Era todo un reto, pero estaba encantada de poder ayudarle. De repente ya no era la concubina abandonada, ya no tenía que pasarlas negras, se me presentaba la oportunidad de compartir con su majestad su sueño de resucitar China. Me hacía sentir bien y mi energía era inagotable. Por primera vez en mucho tiempo, noté verdadero afecto en sus ojos. Una noche, ya tarde, cuando Hsien Feng se despertó en su silla, me tendió la mano. Quería que supiera que agradecía mi ayuda; ya no llamaba a Verano, una de sus concubinas chinas, ni a Nuharoo, ni siquiera cuando le suplicaba que saliera a pasear con ella.
Visité a Nuharoo para pasar un rato con Tung Chih, que dormía junto a sus nodrizas. La puse al día de mi trabajo con su majestad y ella me confesó que estaba complacida con mi humildad.
Cada día al alba, me vestía e iba al salón de la Nutrición Espiritual en un palanquín. Enseguida empecé a clasificar documentos oficiales en distintas cajas. El emperador Hsien Feng solía estar aún dormido en la habitación contigua. Alineaba las cajas en función de la urgencia. Cuando el sol se alzaba y entraba el emperador, yo ya estaba preparada para hacerle un resumen. Él lo meditaba y sopesaba sus decisiones. A veces discutía conmigo, y poco después no esperaba a que dictase los edictos necesarios.
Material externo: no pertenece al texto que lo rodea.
lemma (in finite_measure) decseq_ex_measure_less:
  assumes "range A \<subseteq> sets M" and "decseq A" and "measure M (\<Inter>i. A i) = 0" and "0 < e"
  shows "\<exists>i. measure M (A i) < e"
proof -
  have "(\<lambda>i. measure M (A i)) \<longlonglongrightarrow> 0"
    using finite_Lim_measure_decseq[OF assms(1,2)] assms(3) by simp
  then have "eventually (\<lambda>i. measure M (A i) < e) sequentially"
    using assms(4) by (rule order_tendstoD)
  then show ?thesis by (auto simp: eventually_sequentially)
qed

lemma dense_balls_cover:
  fixes D :: "'a::metric_space set"
  assumes "countable D" and "closure D = UNIV" and "0 < r"
  shows "\<exists>k. x \<in> ball (from_nat_into D k) r"
proof -
  obtain d where "d \<in> D" "dist d x < r"
    using assms(2,3) closure_approachable[of x D] by auto
  moreover obtain k where "from_nat_into D k = d"
    using from_nat_into_surj[OF assms(1) \<open>d \<in> D\<close>] by blast
  ultimately show ?thesis by auto
qed

lemma card_nn_mistakes_in_cells_le:
  fixes x xt :: "nat \<Rightarrow> 'a::metric_space" and B :: "nat \<Rightarrow> 'a set"
  assumes nn: "\<And>n i. i < n \<Longrightarrow> dist (x n) (xt n) \<le> dist (x n) (x i)"
    and small: "\<And>k y z. y \<in> B k \<Longrightarrow> z \<in> B k \<Longrightarrow> dist y z < r"
  shows "card {n\<in>I. \<eta> (x n) \<noteq> \<eta> (xt n) \<and> ereal r \<le> margin \<eta> (x n) \<and> x n \<in> (\<Union>k<K. B k)} \<le> K"
proof -
  define S where "S = {n\<in>I. \<eta> (x n) \<noteq> \<eta> (xt n) \<and> ereal r \<le> margin \<eta> (x n) \<and> x n \<in> (\<Union>k<K. B k)}"
  have "\<forall>n\<in>S. \<exists>k. k < K \<and> x n \<in> B k" by (auto simp: S_def)
  then obtain f where f: "\<And>n. n \<in> S \<Longrightarrow> f n < K \<and> x n \<in> B (f n)" by metis
  have ne: "f n \<noteq> f m" if "n \<in> S" "m \<in> S" "n < m" for n m
  proof
    assume "f n = f m"
    then have close: "dist (x m) (x n) < r"
      using f[OF that(1)] f[OF that(2)] small[of "x m" "f m" "x n"] by simp
    have "ereal r \<le> margin \<eta> (x m)" using that(2) by (simp add: S_def)
    also have "\<dots> \<le> ereal (dist (x m) (xt m))"
      using that(2) by (intro margin_le_dist) (auto simp: S_def)
    also have "\<dots> \<le> ereal (dist (x m) (x n))"
      using nn[OF that(3)] by simp
    finally show False using close by simp
  qed
  have "inj_on f S"
    by (rule inj_onI) (metis ne neq_iff)
  moreover have "f ` S \<subseteq> {..<K}" using f by auto
  ultimately have "card S \<le> card {..<K}" by (rule card_inj_on_le) simp
  then show ?thesis by (simp add: S_def)
qed

lemma sum_nn_mistakes_le:
  fixes x xt :: "nat \<Rightarrow> 'a::metric_space" and B :: "nat \<Rightarrow> 'a set"
  assumes nn: "\<And>n i. i < n \<Longrightarrow> dist (x n) (xt n) \<le> dist (x n) (x i)"
    and small: "\<And>k y z. y \<in> B k \<Longrightarrow> z \<in> B k \<Longrightarrow> dist y z < r"
  shows "(\<Sum>n=1..N. if \<eta> (x n) \<noteq> \<eta> (xt n) then 1 else 0 :: real)
     \<le> (\<Sum>n=1..N. indicator ({x. margin \<eta> x < ereal r} \<union> - (\<Union>k<K. B k)) (x n)) + real K"
proof -
  define A where "A = {x. margin \<eta> x < ereal r} \<union> - (\<Union>k<K. B k)"
  define S where "S = {n\<in>{1..N}. \<eta> (x n) \<noteq> \<eta> (xt n) \<and> ereal r \<le> margin \<eta> (x n) \<and> x n \<in> (\<Union>k<K. B k)}"
  have "card S \<le> K"
    unfolding S_def by (rule card_nn_mistakes_in_cells_le[OF nn small])
  have "S \<subseteq> {1..N}" by (auto simp: S_def)
  then have card_S: "(\<Sum>n=1..N. indicator S n :: real) = real (card S)"
    by (simp add: sum.If_cases indicator_def of_bool_def Int_absorb1)
  have "(\<Sum>n=1..N. if \<eta> (x n) \<noteq> \<eta> (xt n) then 1 else 0 :: real)
     \<le> (\<Sum>n=1..N. indicator A (x n) + indicator S n)"
    by (intro sum_mono) (auto simp: S_def A_def indicator_def not_less)
  also have "\<dots> = (\<Sum>n=1..N. indicator A (x n)) + real (card S)"
    by (simp only: sum.distrib card_S)
  also have "\<dots> \<le> (\<Sum>n=1..N. indicator A (x n)) + real K"
    using \<open>card S \<le> K\<close> by simp
  finally show ?thesis by (simp add: A_def)
qed
definition Hmat :: "nat \<Rightarrow> nat \<Rightarrow> (nat \<times> nat \<Rightarrow> complex) \<Rightarrow> nat \<times> nat \<Rightarrow> nat \<times> nat \<Rightarrow> complex" where
  "Hmat M N Q = (\<lambda>(i,a) (j,b). Q (i,b) * root_unity M ^ (i*j) * root_unity N ^ (a*b))"

definition Umat :: "nat \<Rightarrow> nat \<Rightarrow> (nat \<times> nat \<Rightarrow> complex) \<Rightarrow> nat \<times> nat \<Rightarrow> nat \<times> nat \<Rightarrow> nat \<times> nat \<Rightarrow> nat \<times> nat \<Rightarrow> complex" where
  "Umat M N Q \<alpha> \<beta> =
     (let \<xi> = (\<lambda>\<gamma>. Hmat M N Q \<alpha> \<gamma> / Hmat M N Q \<beta> \<gamma>)
      in (\<lambda>\<gamma> \<delta>. \<xi> \<gamma> * cnj (\<xi> \<delta>) / of_nat (M * N)))"

text \<open>Normalized Haar measure on the unit circle T (pushforward of uniform measure on [0,1)),
  and the product (normalized Haar) measure on T^{MN}.\<close>
definition circle_haar :: "complex measure" where
  "circle_haar = distr (uniform_measure lborel {0..<1::real}) borel (\<lambda>t. cis (2 * pi * t))"

definition torus_haar :: "nat \<Rightarrow> nat \<Rightarrow> (nat \<times> nat \<Rightarrow> complex) measure" where
  "torus_haar M N = PiM (idx M N) (\<lambda>_. circle_haar)"

text \<open>Index set I^p, as functions {0..<p} -> I.\<close>
definition idxp :: "nat \<Rightarrow> nat \<Rightarrow> nat \<Rightarrow> (nat \<Rightarrow> nat \<times> nat) set" where
  "idxp M N p = PiE {0..<p} (\<lambda>_. idx M N)"

definition Tmat :: "nat \<Rightarrow> nat \<Rightarrow> nat \<Rightarrow> (nat \<Rightarrow> nat \<times> nat) \<Rightarrow> (nat \<Rightarrow> nat \<times> nat) \<Rightarrow> complex" where
  "Tmat M N p \<alpha> \<beta> =
     integral\<^sup>L (torus_haar M N)
       (\<lambda>Q. mtrace (idx M N) (mlistprod (idx M N) (map (\<lambda>k. Umat M N Q (\<alpha> k) (\<beta> k)) [0..<p]))
             / of_nat (M * N))"

definition cpr :: "nat \<Rightarrow> nat \<Rightarrow> nat \<Rightarrow> nat \<Rightarrow> complex" where
  "cpr M N p r = mtrace (idxp M N p) (mpow (idxp M N p) (Tmat M N p) r)"

text \<open>Condition (E_x), with indices shifted to start at 0 (x < r, y < p), cyclic conventions,
  addition in Z_M.\<close>
definition cond_E :: "nat \<Rightarrow> nat \<Rightarrow> nat \<Rightarrow> (nat \<Rightarrow> nat) \<Rightarrow> (nat \<Rightarrow> nat) \<Rightarrow> (nat \<Rightarrow> nat) \<Rightarrow> nat \<Rightarrow> bool" where
  "cond_E M p r i a b x \<longleftrightarrow>
     image_mset (\<lambda>y. ((i x + a y) mod M, b y)) (mset [0..<p])
       + image_mset (\<lambda>y. ((i ((x+1) mod r) + a y) mod M, b ((y+1) mod p))) (mset [0..<p])
     = image_mset (\<lambda>y. ((i x + a y) mod M, b ((y+1) mod p))) (mset [0..<p])
       + image_mset (\<lambda>y. ((i ((x+1) mod r) + a y) mod M, b y)) (mset [0..<p])"

end

theory Submission
  imports Defs
begin

text \<open>
  Expanding the trace of a product of the rank-one projections \<open>U\<close> writes each entry of \<open>T\<^sub>p\<close>
  as a sum over \<open>\<gamma> \<in> I\<^sup>p\<close> of monomials in the entries of \<open>Q\<close> and their conjugates, times
  roots of unity. Integration against the Haar measure keeps exactly the balanced monomials, in which
  every \<open>Q\<^sub>q\<close> occurs as often as its conjugate; the sum over the \<open>\<int>\<^sub>M\<close>-coordinates of \<open>\<gamma>\<close> is a
  character sum. The trace of \<open>T\<^sub>p\<^sup>r\<close> is a sum over closed walks of length \<open>r\<close>, and a summation
  by parts turns the sum over the \<open>\<int>\<^sub>N\<close>-coordinates of the walk into a second character sum. Both
  character sums select the tables \<open>S x k \<equiv> i\<^sub>x + a\<^sub>k\<close>, and each such table comes from exactly
  \<open>n\<close> pairs \<open>(i, a)\<close>. Finally the balance condition is invariant under translations of the
  \<open>\<int>\<^sub>N\<close>-coordinate, and a rotation of \<open>b\<close> turns it into condition \<open>(E\<^sub>x)\<close>.
\<close>

lemma sum_PiE_insert:
  assumes "x \<notin> S"
  shows "(\<Sum>g\<in>PiE (insert x S) T. h g) = (\<Sum>y\<in>T x. \<Sum>g\<in>PiE S T. h (g(x := y)))"
proof -
  have "(\<Sum>g\<in>PiE (insert x S) T. h g) = sum (h \<circ> (\<lambda>(y, g). g(x := y))) (T x \<times> PiE S T)"
    unfolding PiE_insert_eq by (rule sum.reindex[OF inj_combinator[OF assms]])
  then show ?thesis
    by (simp add: sum.cartesian_product split_def)
qed

lemma sum_PiE_Times:
  "(\<Sum>\<gamma>\<in>PiE I (\<lambda>i. A i \<times> B i). f \<gamma>) = (\<Sum>j\<in>PiE I A. \<Sum>b\<in>PiE I B. f (\<lambda>i\<in>I. (j i, b i)))"
proof -
  have "(\<Sum>j\<in>PiE I A. \<Sum>b\<in>PiE I B. f (\<lambda>i\<in>I. (j i, b i)))
      = (\<Sum>q\<in>PiE I A \<times> PiE I B. f (\<lambda>i\<in>I. (fst q i, snd q i)))"
    by (simp add: sum.cartesian_product split_def)
  also have "\<dots> = (\<Sum>\<gamma>\<in>PiE I (\<lambda>i. A i \<times> B i). f \<gamma>)"
  proof (rule sum.reindex_bij_witness[where i = "\<lambda>\<gamma>. (\<lambda>i\<in>I. fst (\<gamma> i), \<lambda>i\<in>I. snd (\<gamma> i))"
                                         and j = "\<lambda>q. \<lambda>i\<in>I. (fst q i, snd q i)"])
    fix q assume "q \<in> PiE I A \<times> PiE I B"
    then show "(\<lambda>i\<in>I. fst ((\<lambda>i\<in>I. (fst q i, snd q i)) i), \<lambda>i\<in>I. snd ((\<lambda>i\<in>I. (fst q i, snd q i)) i)) = q"
      by (cases q) (auto simp: PiE_def extensional_def fun_eq_iff)
  next
    fix \<gamma> assume "\<gamma> \<in> PiE I (\<lambda>i. A i \<times> B i)"
    then show "(\<lambda>i\<in>I. (fst ((\<lambda>i\<in>I. fst (\<gamma> i), \<lambda>i\<in>I. snd (\<gamma> i))) i,
                        snd ((\<lambda>i\<in>I. fst (\<gamma> i), \<lambda>i\<in>I. snd (\<gamma> i))) i)) = \<gamma>"
      by (auto simp: PiE_def extensional_def fun_eq_iff)
  qed (auto simp: PiE_def Pi_def mem_Times_iff)
  finally show ?thesis ..
qed

lemma sum_PiE_PiE_Times:
  "(\<Sum>A\<in>PiE I (\<lambda>_. PiE J (\<lambda>_. X \<times> Y)). f A)
 = (\<Sum>S\<in>PiE I (\<lambda>_. PiE J (\<lambda>_. X)). \<Sum>U\<in>PiE I (\<lambda>_. PiE J (\<lambda>_. Y)). f (\<lambda>x\<in>I. \<lambda>k\<in>J. (S x k, U x k)))"
proof -
  let ?pair = "\<lambda>q. \<lambda>x\<in>I. \<lambda>k\<in>J. (fst q x k, snd q x k)"
  let ?unpair = "\<lambda>A. (\<lambda>x\<in>I. \<lambda>k\<in>J. fst (A x k), \<lambda>x\<in>I. \<lambda>k\<in>J. snd (A x k))"
  have restrict_id: "(\<lambda>x\<in>I. restrict (S x) J) = S" if "S \<in> PiE I (\<lambda>_. PiE J (\<lambda>_. Z))" for S :: "_ \<Rightarrow> _ \<Rightarrow> 'z" and Z
  proof (intro ext)
    fix x k
    show "(\<lambda>x\<in>I. restrict (S x) J) x k = S x k"
      using that PiE_arb[OF that, of x] PiE_arb[OF PiE_mem[OF that], of x k] by (cases "x \<in> I") auto
  qed
  have "(\<Sum>S\<in>PiE I (\<lambda>_. PiE J (\<lambda>_. X)). \<Sum>U\<in>PiE I (\<lambda>_. PiE J (\<lambda>_. Y)). f (\<lambda>x\<in>I. \<lambda>k\<in>J. (S x k, U x k)))
      = (\<Sum>q\<in>PiE I (\<lambda>_. PiE J (\<lambda>_. X)) \<times> PiE I (\<lambda>_. PiE J (\<lambda>_. Y)). f (?pair q))"
    by (simp add: sum.cartesian_product split_def)
  also have "\<dots> = (\<Sum>A\<in>PiE I (\<lambda>_. PiE J (\<lambda>_. X \<times> Y)). f A)"
  proof (rule sum.reindex_bij_witness[where i = ?unpair and j = ?pair])
    fix q assume q: "q \<in> PiE I (\<lambda>_. PiE J (\<lambda>_. X)) \<times> PiE I (\<lambda>_. PiE J (\<lambda>_. Y))"
    have "?unpair (?pair q) = ((\<lambda>x\<in>I. restrict (fst q x) J), (\<lambda>x\<in>I. restrict (snd q x) J))"
      by (auto intro!: restrict_ext)
    then show "?unpair (?pair q) = q"
      using q restrict_id[of "fst q" X] restrict_id[of "snd q" Y] by (cases q) simp
  next
    fix A assume A: "A \<in> PiE I (\<lambda>_. PiE J (\<lambda>_. X \<times> Y))"
    have "?pair (?unpair A) = (\<lambda>x\<in>I. restrict (A x) J)"
      by (auto intro!: restrict_ext)
    then show "?pair (?unpair A) = A"
      using restrict_id[OF A] by simp
  qed (auto simp: PiE_def Pi_def mem_Times_iff extensional_def)
  finally show ?thesis ..
qed

lemma prod_of_bool: "finite A \<Longrightarrow> (\<Prod>x\<in>A. of_bool (P x)) = (of_bool (\<forall>x\<in>A. P x) :: 'a::comm_semiring_1)"
  by (induction A rule: finite_induct) auto

lemma prod_mset_image_eq_prod_count:
  assumes "finite S" "set_mset A \<subseteq> S"
  shows "prod_mset (image_mset F A) = (\<Prod>q\<in>S. F q ^ count A q)"
  using assms(2)
proof (induction A)
  case empty
  then show ?case by simp
next
  case (add x A)
  then have "x \<in> S" "set_mset A \<subseteq> S" by auto
  have "(\<Prod>q\<in>S. F q ^ count (add_mset x A) q) = (\<Prod>q\<in>S. F q ^ count A q * (if q = x then F q else 1))"
    by (intro prod.cong refl) (auto simp: mult.commute)
  also have "\<dots> = (\<Prod>q\<in>S. F q ^ count A q) * F x"
    using assms(1) \<open>x \<in> S\<close> by (simp add: prod.distrib)
  finally show ?case
    using add.IH[OF \<open>set_mset A \<subseteq> S\<close>] by (simp add: mult.commute)
qed

lemma prod_mset_image_upt: "prod_mset (image_mset F (image_mset g (mset [0..<p]))) = (\<Prod>k<p. F (g k))"
  by (simp add: prod_unfold_prod_mset lessThan_atLeast0 image_mset.compositionality comp_def)

lemma count_eq_on_iff_eq:
  assumes "set_mset A \<subseteq> S" "set_mset B \<subseteq> S"
  shows "(\<forall>q\<in>S. count A q = count B q) \<longleftrightarrow> A = B"
  using assms by (auto simp: multiset_eq_iff) (metis count_inI in_mono)

lemma image_mset_eq_iff_inj_on:
  assumes "inj_on f (set_mset A \<union> set_mset B)"
  shows "image_mset f A = image_mset f B \<longleftrightarrow> A = B"
  using image_mset_eq_image_mset_plusD[of f A B "{#}"] assms by auto

lemma mod_pred_Suc: "k < (P::nat) \<Longrightarrow> ((k+1) mod P + P - 1) mod P = k"
proof -
  assume "k < P"
  then have "(k+1) mod P + P - 1 = (k+1) mod P + (P - 1)" by arith
  then have "((k+1) mod P + P - 1) mod P = (k + 1 + (P - 1)) mod P"
    by (simp only: mod_add_left_eq)
  also have "k + 1 + (P - 1) = k + P" using \<open>k < P\<close> by simp
  finally show ?thesis using \<open>k < P\<close> by simp
qed

lemma mod_Suc_pred: "k < (P::nat) \<Longrightarrow> ((k+P-1) mod P + 1) mod P = k"
proof -
  assume "k < P"
  have "((k+P-1) mod P + 1) mod P = (k + P - 1 + 1) mod P"
    by (rule mod_add_left_eq)
  also have "k + P - 1 + 1 = k + P" using \<open>k < P\<close> by simp
  finally show ?thesis using \<open>k < P\<close> by simp
qed

lemma sum_cyclic_shift:
  assumes "0 < (P::nat)"
  shows "(\<Sum>k<P. f k ((k+1) mod P)) = (\<Sum>k<P. f ((k+P-1) mod P) k)"
proof (rule sum.reindex_bij_witness[where j = "\<lambda>k. (k+1) mod P" and i = "\<lambda>k. (k+P-1) mod P"])
  fix k assume "k \<in> {..<P}"
  then show "((k+1) mod P + P - 1) mod P = k"
            "f (((k+1) mod P + P - 1) mod P) ((k+1) mod P) = f k ((k+1) mod P)"
    using mod_pred_Suc[of k P] by simp_all
  show "(k+1) mod P \<in> {..<P}"
    using assms by simp
next
  fix k assume "k \<in> {..<P}"
  then show "((k+P-1) mod P + 1) mod P = k" "(k+P-1) mod P \<in> {..<P}"
    using assms mod_Suc_pred[of k P] by simp_all
qed

lemma sum_by_parts_cyclic:
  fixes b u :: "nat \<Rightarrow> int"
  assumes "0 < P"
  shows "(\<Sum>k<P. b k * (u ((k+1) mod P) - u k)) = (\<Sum>k<P. u k * (b ((k+P-1) mod P) - b k))"
proof -
  have "(\<Sum>k<P. b k * u ((k+1) mod P)) = (\<Sum>k<P. b ((k+P-1) mod P) * u k)"
    by (rule sum_cyclic_shift[OF assms])
  then show ?thesis
    by (simp add: right_diff_distrib sum_subtractf mult.commute)
qed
Le hacía sugerencias con la esperanza de complementar las ideas de su majestad. Un día llegó tarde y, como una de las cajas necesitaba atención inmediata, para ahorrar tiempo escribí una propuesta imitando su estilo. Cuando se la leí para que la aprobase, no hizo ningún cambio. El edicto fue enviado con su sello.